Data entries
#####

(* For any $\alpha\ge1$ and $\beta\ge1$, there exist a finite set $\mathcal{N}$ of $n$ agents, a finite set $\mathcal{M}$ of feasible centers, a positive integer $k$, a pseudometric $d^m$ on $\mathcal{N}$ and a function $d^c:\mathcal{N}\times\mathcal{M}\to\mathbb{R}_{\ge0}$ (a centroid metric, possibly unrelated to $d^m$) such that no clustering is both $\alpha$-FJR with respect to the centroid loss $\ell_i(C,x)=d^c(i,x)$ and $\beta$-FJR with respect to the non-centroid loss $\ell_i(C,x)=\max_{j\in C}d^m(i,j)$.
   Context: Given losses $\ell_i(C,x)\ge0$ for $i\in C\subseteq\mathcal{N}$, $x\in\mathcal{M}$: a clustering is $\mathcal{X}=\{(C_1,x_1),\dots,(C_k,x_k)\}$ with $C_t$ pairwise disjoint subsets of $\mathcal{N}$ (some possibly empty), union $\mathcal{N}$, $x_t\in\mathcal{M}$; $\ell_i(\mathcal{X})=\ell_i(C_t,x_t)$ where $i\in C_t$. For $\alpha\ge1$, $\mathcal{X}$ is $\alpha$-FJR (with respect to the losses $\ell_i$) if there is no $S\subseteq\mathcal{N}$ with $|S|\ge n/k$ and $y\in\mathcal{M}$ with $\alpha\,\ell_i(S,y)<\min_{j\in S}\ell_j(\mathcal{X})$ for all $i\in S$. *)

theory Defs
  imports Main "HOL.Real"
begin

text \<open>A clustering with k (possibly empty) clusters is represented by two
  functions: C t is the t-th cluster and x t its center, for t < k.\<close>

definition is_clustering ::
  "'a set \<Rightarrow> 'b set \<Rightarrow> nat \<Rightarrow> (nat \<Rightarrow> 'a set) \<Rightarrow> (nat \<Rightarrow> 'b) \<Rightarrow> bool" where
  "is_clustering N M k C x \<longleftrightarrow>
     (\<forall>t<k. C t \<subseteq> N \<and> x t \<in> M) \<and>
     (\<forall>s<k. \<forall>t<k. s \<noteq> t \<longrightarrow> C s \<inter> C t = {}) \<and>
     (\<Union>t<k. C t) = N"

definition clust_loss ::
  "('a \<Rightarrow> 'a set \<Rightarrow> 'b \<Rightarrow> real) \<Rightarrow> nat \<Rightarrow> (nat \<Rightarrow> 'a set) \<Rightarrow> (nat \<Rightarrow> 'b) \<Rightarrow> 'a \<Rightarrow> real" where
  "clust_loss l k C x i = (let t = (THE t. t < k \<and> i \<in> C t) in l i (C t) (x t))"

definition is_FJR ::
  "'a set \<Rightarrow> 'b set \<Rightarrow> nat \<Rightarrow> ('a \<Rightarrow> 'a set \<Rightarrow> 'b \<Rightarrow> real) \<Rightarrow> real
     \<Rightarrow> (nat \<Rightarrow> 'a set) \<Rightarrow> (nat \<Rightarrow> 'b) \<Rightarrow> bool" where
  "is_FJR N M k l \<alpha> C x \<longleftrightarrow>
     \<not> (\<exists>S. S \<subseteq> N \<and> S \<noteq> {} \<and> real (card S) \<ge> real (card N) / real k \<and>
          (\<exists>y\<in>M. \<forall>i\<in>S. \<alpha> * l i S y < Min (clust_loss l k C x ` S)))"

definition pseudometric_on :: "'a set \<Rightarrow> ('a \<Rightarrow> 'a \<Rightarrow> real) \<Rightarrow> bool" where
  "pseudometric_on N d \<longleftrightarrow>
     (\<forall>i\<in>N. d i i = 0) \<and>
     (\<forall>i\<in>N. \<forall>j\<in>N. d i j \<ge> 0 \<and> d i j = d j i) \<and>
     (\<forall>i\<in>N. \<forall>j\<in>N. \<forall>h\<in>N. d i h \<le> d i j + d j h)"

definition centroid_loss :: "('a \<Rightarrow> 'b \<Rightarrow> real) \<Rightarrow> 'a \<Rightarrow> 'a set \<Rightarrow> 'b \<Rightarrow> real" where
  "centroid_loss dc i C x = dc i x"

definition noncentroid_loss :: "('a \<Rightarrow> 'a \<Rightarrow> real) \<Rightarrow> 'a \<Rightarrow> 'a set \<Rightarrow> 'b \<Rightarrow> real" where
  "noncentroid_loss dm i C x = Max ((\<lambda>j. dm i j) ` C)"

end

theory Submission
  imports Defs
begin

text \<open>Four agents form two groups, \<open>{0,1}\<close> and \<open>{2,3}\<close>, and \<open>k = 2\<close>, so every pair of agents
  is entitled to deviate. Under \<open>group_dist\<close> (distance 0 inside a group, 1 across) a group
  deviating on its own has loss 0, so \<open>\<beta>\<close>-FJR forces each group into a single cluster. Under
  \<open>center_dist\<close> each of the four centers serves (loss 0) exactly one agent of each group and
  leaves the other one at loss 1. Hence, whatever the two centers of the group clusters are,
  some agent of each group has loss 1, and these two agents are both served by a common
  center, which violates \<open>\<alpha>\<close>-FJR.\<close>

lemma clust_loss_in_cluster:
  assumes "is_clustering N M k C x" "t < k" "i \<in> C t"
  shows "clust_loss l k C x i = l i (C t) (x t)"
proof -
  have "(THE t. t < k \<and> i \<in> C t) = t"
  proof (rule the_equality)
    show "t < k \<and> i \<in> C t" using assms by auto
  next
    fix s assume "s < k \<and> i \<in> C s"
    then show "s = t" using assms unfolding is_clustering_def by blast
  qed
  then show ?thesis unfolding clust_loss_def by simp
qed

lemma is_clustering_covers:
  assumes "is_clustering N M k C x" "i \<in> N"
  obtains t where "t < k" "i \<in> C t"
  using assms unfolding is_clustering_def by blast

lemma is_clustering_two_clusters_cover:
  assumes "is_clustering N M 2 C x" "s < 2" "t < 2" "s \<noteq> t"
  shows "C s \<union> C t = N"
proof -
  have "{..<2} = {s, t}" using assms(2-4) by (auto simp: less_2_cases_iff)
  then show ?thesis using assms(1) unfolding is_clustering_def by simp
qed

lemma FJR_zero_loss_coalition:
  assumes "is_FJR N M k l \<alpha> C x" "S \<subseteq> N" "finite S" "S \<noteq> {}"
    "real (card N) / real k \<le> real (card S)" "y \<in> M" "\<forall>i\<in>S. l i S y = 0"
  shows "\<exists>i\<in>S. clust_loss l k C x i \<le> 0"
proof (rule ccontr)
  assume "\<not> (\<exists>i\<in>S. clust_loss l k C x i \<le> 0)"
  then have "0 < Min (clust_loss l k C x ` S)"
    using assms(3,4) by (simp add: Min_gr_iff not_le)
  then have "\<forall>i\<in>S. \<alpha> * l i S y < Min (clust_loss l k C x ` S)" using assms(7) by simp
  with assms(1-6) show False unfolding is_FJR_def by blast
qed

lemma noncentroid_loss_eq_0:
  assumes "S \<noteq> {}" "\<forall>j\<in>S. dm i j = 0"
  shows "noncentroid_loss dm i S y = 0"
proof -
  have "(\<lambda>j. dm i j) ` S = {0}" using assms by auto
  then show ?thesis unfolding noncentroid_loss_def by simp
qed

lemma noncentroid_clust_loss_nonpos_cluster:
  assumes "is_clustering N M k C x" "finite N" "t < k" "i \<in> C t" "j \<in> C t"
    "clust_loss (noncentroid_loss dm) k C x i \<le> 0"
  shows "dm i j \<le> 0"
proof -
  have "C t \<subseteq> N" using assms(1,3) unfolding is_clustering_def by simp
  then have "finite (C t)" using assms(2) by (rule finite_subset)
  then have "dm i j \<le> noncentroid_loss dm i (C t) (x t)"
    unfolding noncentroid_loss_def using assms(5) by (simp add: Max_ge)
  also have "\<dots> \<le> 0" using assms(6) clust_loss_in_cluster[OF assms(1,3,4)] by simp
  finally show ?thesis .
qed

definition group_dist :: "nat \<Rightarrow> nat \<Rightarrow> real" where
  "group_dist i j = (if i div 2 = j div 2 then 0 else 1)"

definition center_dist :: "nat \<Rightarrow> nat \<Rightarrow> real" where
  "center_dist i y = (if i = y div 2 \<or> i = 2 + y mod 2 then 0 else 1)"

lemma pseudometric_on_group_dist: "pseudometric_on N group_dist"
  unfolding pseudometric_on_def group_dist_def by simp

lemma FJR_group_dist_groups_clustered:
  assumes cl: "is_clustering {0..3} M 2 C x" and "M \<noteq> {}"
    and fjr: "is_FJR {0..3} M 2 (noncentroid_loss group_dist) \<beta> C x"
  obtains s t where "s < 2" "t < 2" "{0, 1} \<subseteq> C s" "{2, 3} \<subseteq> C t"
proof -
  have group_cluster: "\<exists>t<2. \<exists>i\<in>C t. i div 2 = g \<and> (\<forall>j\<in>C t. j div 2 = g)"
    if "g < 2" for g :: nat
  proof -
    let ?S = "{2 * g, 2 * g + 1}"
    obtain y where "y \<in> M" using \<open>M \<noteq> {}\<close> by blast
    moreover have "\<forall>i\<in>?S. noncentroid_loss group_dist i ?S y = 0"
      by (auto intro!: noncentroid_loss_eq_0 simp: group_dist_def)
    moreover have "?S \<subseteq> {0..3}" "real (card {0..3::nat}) / real 2 \<le> real (card ?S)"
      using that by auto
    ultimately obtain i where i: "i \<in> ?S" "clust_loss (noncentroid_loss group_dist) 2 C x i \<le> 0"
      using FJR_zero_loss_coalition[OF fjr] by blast
    obtain t where t: "t < 2" "i \<in> C t"
      using is_clustering_covers[OF cl] i(1) \<open>?S \<subseteq> {0..3}\<close> by blast
    have "i div 2 = g" using i(1) by auto
    moreover have "j div 2 = i div 2" if "j \<in> C t" for j
      using noncentroid_clust_loss_nonpos_cluster[OF cl _ t that i(2)]
      by (simp add: group_dist_def split: if_splits)
    ultimately show ?thesis using t by metis
  qed
  obtain s a where s: "s < 2" "a \<in> C s" "a div 2 = 0" "\<forall>j\<in>C s. j div 2 = 0"
    using group_cluster[of 0] by auto
  obtain t where t: "t < 2" "\<forall>j\<in>C t. j div 2 = 1"
    using group_cluster[of 1] by auto
  have "s \<noteq> t" using s(2,3) t(2) by auto
  then have "C s \<union> C t = {0..3}" using is_clustering_two_clusters_cover[OF cl s(1) t(1)] by simp
  then have cover: "j \<in> C s \<or> j \<in> C t" if "j \<le> 3" for j using that by auto
  have "j \<in> C s" if "j \<in> {0, 1}" for j
  proof -
    have "j div 2 \<noteq> 1" using that by auto
    then have "j \<notin> C t" using t(2) by blast
    then show ?thesis using cover[of j] that by auto
  qed
  moreover have "j \<in> C t" if "j \<in> {2, 3}" for j
  proof -
    have "j div 2 \<noteq> 0" using that by auto
    then have "j \<notin> C s" using s(4) by auto
    then show ?thesis using cover[of j] that by auto
  qed
  ultimately have "{0, 1} \<subseteq> C s" "{2, 3} \<subseteq> C t" by auto
  with s(1) t(1) show thesis by (rule that)
qed

lemma no_clustering_FJR_center_dist_group_dist:
  assumes cl: "is_clustering {0..3} {0..3} 2 C x"
    and fjr_c: "is_FJR {0..3} {0..3} 2 (centroid_loss center_dist) \<alpha> C x"
    and fjr_m: "is_FJR {0..3} {0..3} 2 (noncentroid_loss group_dist) \<beta> C x"
  shows False
proof -
  obtain s t where st: "s < 2" "t < 2" "{0, 1} \<subseteq> C s" "{2, 3} \<subseteq> C t"
    using FJR_group_dist_groups_clustered[OF cl _ fjr_m] by auto
  have loss: "clust_loss (centroid_loss center_dist) 2 C x i = center_dist i (x u)"
    if "u < 2" "i \<in> C u" for i u
    using clust_loss_in_cluster[OF cl that] unfolding centroid_loss_def .
  have "x s \<in> {0..3}" "x t \<in> {0..3}" using cl st(1,2) unfolding is_clustering_def by auto
  define p where "p = 1 - x s div 2"
  define q where "q = 3 - x t mod 2"
  have "x s div 2 = 0 \<or> x s div 2 = 1" using \<open>x s \<in> {0..3}\<close> by auto
  then have "p \<in> {0, 1}" "p \<noteq> x s div 2" unfolding p_def by auto
  then have p: "p \<in> {0, 1}" "center_dist p (x s) = 1"
    unfolding center_dist_def by auto
  have "x t mod 2 = 0 \<or> x t mod 2 = 1" by auto
  then have q: "q \<in> {2, 3}" "center_dist q (x t) = 1"
    unfolding q_def center_dist_def using \<open>x t \<in> {0..3}\<close> by auto
  define w where "w = 2 * p + (q - 2)"
  have "w \<in> {0..3}" "\<forall>i\<in>{p, q}. centroid_loss center_dist i {p, q} w = 0"
    using p(1) q(1) unfolding w_def centroid_loss_def center_dist_def by auto
  moreover have "{p, q} \<subseteq> {0..3}" "real (card {0..3::nat}) / real 2 \<le> real (card {p, q})"
    using p(1) q(1) by auto
  ultimately obtain i where "i \<in> {p, q}" "clust_loss (centroid_loss center_dist) 2 C x i \<le> 0"
    using FJR_zero_loss_coalition[OF fjr_c] by blast
  moreover have "clust_loss (centroid_loss center_dist) 2 C x p = 1"
    using loss[OF st(1)] p st(3) by auto
  moreover have "clust_loss (centroid_loss center_dist) 2 C x q = 1"
    using loss[OF st(2)] q st(4) by auto
  ultimately show False by auto
qed

theorem mainTheorem13:
  fixes \<alpha> \<beta> :: real
  assumes "\<alpha> \<ge> 1" and "\<beta> \<ge> 1"
  shows "\<exists>(N :: nat set) (M :: nat set) (k :: nat) (dm :: nat \<Rightarrow> nat \<Rightarrow> real)
            (dc :: nat \<Rightarrow> nat \<Rightarrow> real).
           finite N \<and> N \<noteq> {} \<and> finite M \<and> M \<noteq> {} \<and> k > 0 \<and>
           pseudometric_on N dm \<and> (\<forall>i\<in>N. \<forall>y\<in>M. dc i y \<ge> 0) \<and>
           (\<forall>C x. is_clustering N M k C x \<longrightarrow>
              \<not> (is_FJR N M k (centroid_loss dc) \<alpha> C x \<and>
                 is_FJR N M k (noncentroid_loss dm) \<beta> C x))"
proof (intro exI conjI allI impI)
  show "pseudometric_on {0..3} group_dist" by (rule pseudometric_on_group_dist)
  show "\<forall>i\<in>{0..3}. \<forall>y\<in>{0..3}. 0 \<le> center_dist i y" by (simp add: center_dist_def)
  show "\<not> (is_FJR {0..3} {0..3} 2 (centroid_loss center_dist) \<alpha> C x \<and>
           is_FJR {0..3} {0..3} 2 (noncentroid_loss group_dist) \<beta> C x)"
    if "is_clustering {0..3} {0..3} 2 C x" for C x
    using no_clustering_FJR_center_dist_group_dist[OF that] by blast
qed auto

end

#####

◆ THE PROBLEM ◆
Look above for the line holding "(let t = (THE" and the line holding "(\<forall>i\<in>N. d i i = 0) \<and>", then output exactly those two lines and every line between them, nothing more.

◆ WRITTEN RESPONSE ◆
  "clust_loss l k C x i = (let t = (THE t. t < k \<and> i \<in> C t) in l i (C t) (x t))"

definition is_FJR ::
  "'a set \<Rightarrow> 'b set \<Rightarrow> nat \<Rightarrow> ('a \<Rightarrow> 'a set \<Rightarrow> 'b \<Rightarrow> real) \<Rightarrow> real
     \<Rightarrow> (nat \<Rightarrow> 'a set) \<Rightarrow> (nat \<Rightarrow> 'b) \<Rightarrow> bool" where
  "is_FJR N M k l \<alpha> C x \<longleftrightarrow>
     \<not> (\<exists>S. S \<subseteq> N \<and> S \<noteq> {} \<and> real (card S) \<ge> real (card N) / real k \<and>
          (\<exists>y\<in>M. \<forall>i\<in>S. \<alpha> * l i S y < Min (clust_loss l k C x ` S)))"

definition pseudometric_on :: "'a set \<Rightarrow> ('a \<Rightarrow> 'a \<Rightarrow> real) \<Rightarrow> bool" where
  "pseudometric_on N d \<longleftrightarrow>
     (\<forall>i\<in>N. d i i = 0) \<and>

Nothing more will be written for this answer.